125. On the 25th of September, the mission left Ourga.* Up to that place, the scenery and the productions were so similar to those of their own frontier, that the travellers could almost fancy themselves in Russia, but they felt that they were in a different country at the very first step beyond the Tola. They “drank a glass of fresh water out of the pure and transparent stream, and entered on the dreary, melancholy deserts of Mongolia.” The region of towns, villages, and even houses was now past, and the only mansions of man were occasionally solitary tents, like bee-hives on the waste.

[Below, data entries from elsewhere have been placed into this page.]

(* The proof system ${\bf K^\boxplus}$ is sound and strongly complete with respect to the class of all bimodal frames: for every set $\Gamma\subseteq\mathcal{L}(\boxplus)$ and $\phi\in\mathcal{L}(\boxplus)$, $\Gamma\vdash_{{\bf K^\boxplus}}\phi$ iff $\phi$ is true at every state of every bimodal model at which all formulas of $\Gamma$ are true.
   Context: Fix a nonempty set $\mathbf{P}$ of propositional variables. A bimodal model is $\langle S,R_1,R_2,V\rangle$ with $S$ nonempty, $R_1,R_2\subseteq S\times S$, $V:\mathbf{P}\to\mathcal{P}(S)$. Write $R_i(s)=\{t\mid sR_it\}$. $\mathcal{L}(\boxplus):\ \phi::=p\mid\neg\phi\mid(\phi\wedge\phi)\mid\boxplus\phi$ (other connectives, $\top,\bot$ abbreviations). Truth: $\mathcal{M},s\vDash\boxplus\phi$ iff ($\mathcal{M},t\vDash\phi$ for all $t\in R_1(s)$) or ($\mathcal{M},u\vDash\neg\phi$ for all $u\in R_2(s)$); atoms and Booleans as usual. ${\bf K^\boxplus}$ has axioms: all instances of propositional tautologies; CON: $\boxplus\phi\wedge\boxplus\psi\to\boxplus(\phi\wedge\psi)\wedge\boxplus(\phi\vee\psi)$; DIS: $\boxplus\phi\to\boxplus(\phi\vee\psi)\vee\boxplus(\phi\wedge\chi)$; and rules: modus ponens; RN: from $\phi$ infer $\boxplus\phi\wedge\boxplus\neg\phi$; RE: from $\phi\leftrightarrow\psi$ infer $\boxplus\phi\leftrightarrow\boxplus\psi$. $\Gamma\vdash\phi$ means there are finitely many $\gamma_1,\dots,\gamma_n\in\Gamma$ with $\gamma_1\wedge\dots\wedge\gamma_n\to\phi$ a theorem. *)

theory Defs
  imports Main
begin

datatype 'p fm = Atom 'p | Neg "'p fm" | Conj "'p fm" "'p fm" | Box "'p fm"

definition Disj :: "'p fm \<Rightarrow> 'p fm \<Rightarrow> 'p fm" where
  "Disj a b = Neg (Conj (Neg a) (Neg b))"
definition Imp :: "'p fm \<Rightarrow> 'p fm \<Rightarrow> 'p fm" where
  "Imp a b = Neg (Conj a (Neg b))"
definition Iff :: "'p fm \<Rightarrow> 'p fm \<Rightarrow> 'p fm" where
  "Iff a b = Conj (Imp a b) (Imp b a)"

record 's model =
  St :: "'s set"
  R1 :: "('s \<times> 's) set"
  R2 :: "('s \<times> 's) set"

definition is_model :: "'s model \<Rightarrow> ('p \<Rightarrow> 's set) \<Rightarrow> bool" where
  "is_model M V \<longleftrightarrow> St M \<noteq> {} \<and> R1 M \<subseteq> St M \<times> St M \<and> R2 M \<subseteq> St M \<times> St M
     \<and> (\<forall>p. V p \<subseteq> St M)"

fun sat :: "'s model \<Rightarrow> ('p \<Rightarrow> 's set) \<Rightarrow> 's \<Rightarrow> 'p fm \<Rightarrow> bool" where
  "sat M V s (Atom p) = (s \<in> V p)"
| "sat M V s (Neg a) = (\<not> sat M V s a)"
| "sat M V s (Conj a b) = (sat M V s a \<and> sat M V s b)"
| "sat M V s (Box a) =
     ((\<forall>t. (s, t) \<in> R1 M \<longrightarrow> sat M V t a) \<or> (\<forall>u. (s, u) \<in> R2 M \<longrightarrow> \<not> sat M V u a))"

definition conseq :: "'s itself \<Rightarrow> 'p fm set \<Rightarrow> 'p fm \<Rightarrow> bool" where
  "conseq _ \<Gamma> \<phi> \<longleftrightarrow> (\<forall>(M :: 's model) V s. is_model M V \<longrightarrow> s \<in> St M \<longrightarrow>
      (\<forall>\<gamma>\<in>\<Gamma>. sat M V s \<gamma>) \<longrightarrow> sat M V s \<phi>)"

text \<open>Propositional tautologies: formulas true under every Boolean valuation of their
  atoms and boxed subformulas (boxed formulas treated as propositional letters).\<close>
fun pval :: "('p fm \<Rightarrow> bool) \<Rightarrow> 'p fm \<Rightarrow> bool" where
  "pval v (Atom p) = v (Atom p)"
| "pval v (Neg a) = (\<not> pval v a)"
| "pval v (Conj a b) = (pval v a \<and> pval v b)"
| "pval v (Box a) = v (Box a)"

definition tautology :: "'p fm \<Rightarrow> bool" where
  "tautology \<phi> \<longleftrightarrow> (\<forall>v. pval v \<phi>)"

inductive thm_K :: "'p fm \<Rightarrow> bool" where
  Taut: "tautology \<phi> \<Longrightarrow> thm_K \<phi>"
| CON: "thm_K (Imp (Conj (Box \<phi>) (Box \<psi>)) (Conj (Box (Conj \<phi> \<psi>)) (Box (Disj \<phi> \<psi>))))"
| DIS: "thm_K (Imp (Box \<phi>) (Disj (Box (Disj \<phi> \<psi>)) (Box (Conj \<phi> \<chi>))))"
| MP: "thm_K (Imp \<phi> \<psi>) \<Longrightarrow> thm_K \<phi> \<Longrightarrow> thm_K \<psi>"
| RN: "thm_K \<phi> \<Longrightarrow> thm_K (Conj (Box \<phi>) (Box (Neg \<phi>)))"
| RE: "thm_K (Iff \<phi> \<psi>) \<Longrightarrow> thm_K (Iff (Box \<phi>) (Box \<psi>))"

definition Top :: "'p fm" where
  "Top = Neg (Conj (Atom undefined) (Neg (Atom undefined)))"

fun conjs :: "'p fm list \<Rightarrow> 'p fm" where
  "conjs [] = Top"
| "conjs [g] = g"
| "conjs (g # gs) = Conj g (conjs gs)"

definition derives :: "'p fm set \<Rightarrow> 'p fm \<Rightarrow> bool" where
  "derives \<Gamma> \<phi> \<longleftrightarrow> (\<exists>gs. set gs \<subseteq> \<Gamma> \<and> thm_K (Imp (conjs gs) \<phi>))"

end

theory Submission
  imports Defs
begin

text \<open>For completeness, build the canonical model
  on maximal consistent sets. Since Box is not normal, the accessibility relations cannot be read off
  from the boxed formulas directly; instead each world s carries the filter
  F(s) = {\<phi>. Box \<psi> \<in> s for every provable consequence \<psi> of \<phi>} and the ideal
  I(s) = {\<phi>. Box \<psi> \<in> s for every \<psi> provably implying \<phi>}. A world t is R1-accessible from s when
  F(s) \<subseteq> t, and R2-accessible when t is disjoint from I(s). RN and CON make F(s) a proper filter and
  I(s) a proper ideal of the Lindenbaum algebra, so by Lindenbaum's lemma a formula outside F(s)
  fails at some R1-successor and a formula outside I(s) holds at some R2-successor; DIS yields
  Box \<phi> \<in> s exactly when \<phi> \<in> F(s) \<union> I(s). Together these give the truth lemma for Box.\<close>

lemma pval_connectives [simp]:
  "pval v (Imp a b) = (pval v a \<longrightarrow> pval v b)"
  "pval v (Disj a b) = (pval v a \<or> pval v b)"
  "pval v (Iff a b) = (pval v a \<longleftrightarrow> pval v b)"
  "pval v Top"
  by (auto simp: Imp_def Disj_def Iff_def Top_def)

lemma pval_conjs [simp]: "pval v (conjs gs) = (\<forall>g\<in>set gs. pval v g)"
  by (induction gs rule: conjs.induct) auto

lemma sat_connectives [simp]:
  "sat M V s (Imp a b) = (sat M V s a \<longrightarrow> sat M V s b)"
  "sat M V s (Disj a b) = (sat M V s a \<or> sat M V s b)"
  "sat M V s (Iff a b) = (sat M V s a \<longleftrightarrow> sat M V s b)"
  "sat M V s Top"
  by (auto simp: Imp_def Disj_def Iff_def Top_def)

lemma sat_conjs [simp]: "sat M V s (conjs gs) = (\<forall>g\<in>set gs. sat M V s g)"
  by (induction gs rule: conjs.induct) auto

lemma pval_sat: "pval (sat M V s) \<phi> = sat M V s \<phi>"
  by (induction \<phi>) auto

lemma thm_K_valid: "thm_K \<phi> \<Longrightarrow> sat M V s \<phi>"
proof (induction arbitrary: s rule: thm_K.induct)
  case (Taut \<phi>)
  then show ?case
    unfolding tautology_def by (metis pval_sat)
qed auto

theorem soundness:
  assumes "derives \<Gamma> \<phi>" shows "conseq TYPE('s) \<Gamma> \<phi>"
proof -
  obtain gs where gs: "set gs \<subseteq> \<Gamma>" "thm_K (Imp (conjs gs) \<phi>)"
    using assms by (auto simp: derives_def)
  show ?thesis
    unfolding conseq_def
  proof (intro allI impI)
    fix M :: "'s model" and V s
    assume "\<forall>\<gamma>\<in>\<Gamma>. sat M V s \<gamma>"
    then show "sat M V s \<phi>"
      using gs thm_K_valid[of "Imp (conjs gs) \<phi>" M V s] by auto
  qed
qed

lemma thm_K_taut: "(\<And>v. pval v b) \<Longrightarrow> thm_K b"
  by (auto simp: tautology_def intro!: Taut)

lemma thm_K_taut_mp: "thm_K a \<Longrightarrow> (\<And>v. pval v a \<Longrightarrow> pval v b) \<Longrightarrow> thm_K b"
  by (rule MP[of a b]) (auto intro!: thm_K_taut)

lemma thm_K_taut_mp2:
  assumes "thm_K a" "thm_K b" "\<And>v. pval v a \<Longrightarrow> pval v b \<Longrightarrow> pval v c"
  shows "thm_K c"
proof -
  have "thm_K (Imp b (Conj a b))"
    using thm_K_taut_mp[OF assms(1)] by auto
  then have "thm_K (Conj a b)"
    using assms(2) MP by blast
  then show ?thesis
    by (rule thm_K_taut_mp) (use assms(3) in auto)
qed

lemma thm_K_Imp_refl: "thm_K (Imp a a)"
  by (rule thm_K_taut) simp

definition consistent :: "'p fm set \<Rightarrow> bool" where
  "consistent D \<longleftrightarrow> (\<forall>gs. set gs \<subseteq> D \<longrightarrow> \<not> thm_K (Neg (conjs gs)))"

definition max_consistent :: "'p fm set \<Rightarrow> bool" where
  "max_consistent M \<longleftrightarrow> consistent M \<and> (\<forall>\<phi>. consistent (insert \<phi> M) \<longrightarrow> \<phi> \<in> M)"

lemma consistent_insert_Neg: "\<not> derives D \<phi> \<Longrightarrow> consistent (insert (Neg \<phi>) D)"
  unfolding consistent_def
proof (intro allI impI notI)
  fix gs assume nd: "\<not> derives D \<phi>"
    and gs: "set gs \<subseteq> insert (Neg \<phi>) D" "thm_K (Neg (conjs gs))"
  have "thm_K (Imp (conjs (removeAll (Neg \<phi>) gs)) \<phi>)"
    by (rule thm_K_taut_mp[OF gs(2)]) auto
  moreover have "set (removeAll (Neg \<phi>) gs) \<subseteq> D"
    using gs(1) by auto
  ultimately show False
    using nd by (auto simp: derives_def)
qed

lemma lindenbaum:
  assumes "consistent D" shows "\<exists>M. D \<subseteq> M \<and> max_consistent M"
proof -
  let ?A = "{X. D \<subseteq> X \<and> consistent X}"
  have "\<exists>M\<in>?A. \<forall>X\<in>?A. M \<subseteq> X \<longrightarrow> X = M"
  proof (rule subset_Zorn_nonempty)
    show "?A \<noteq> {}"
      using assms by blast
  next
    fix C assume C: "C \<noteq> {}" "subset.chain ?A C"
    have "consistent (\<Union>C)"
      unfolding consistent_def
    proof (intro allI impI)
      fix gs assume gs: "set gs \<subseteq> \<Union>C"
      obtain B where "B \<in> C" "set gs \<subseteq> B"
        using finite_subset_Union_chain[OF _ gs C] by auto
      then show "\<not> thm_K (Neg (conjs gs))"
        using C(2) by (auto simp: subset.chain_def consistent_def)
    qed
    then show "\<Union>C \<in> ?A"
      using C unfolding subset.chain_def by blast
  qed
  then obtain M where M: "M \<in> ?A" "\<forall>X\<in>?A. M \<subseteq> X \<longrightarrow> X = M"
    by blast
  then have "max_consistent M"
    unfolding max_consistent_def by blast
  then show ?thesis
    using M by auto
qed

Hills and even mountains lay in their course; more frequently they traversed boundless sterile plains, unbroken by forests and unrefreshed by rivers. The soil was not invariably sandy ; sometimes it was covered with gravel or fragments of rock, calcareous stones, white and grey marble, and huge rocks of red granite ; sometimes were scattered over the ground, in vast profusion, yellow and white feldspar, quartz, carnelians, jasper, agates, cherry coloured spar, grey, dark blue, white, veined, and sky blue chalcedonies, glittering in the sun with their varied hues like a brilliant
* Stations have been established from Ourga to China for the accommodation of the Russians.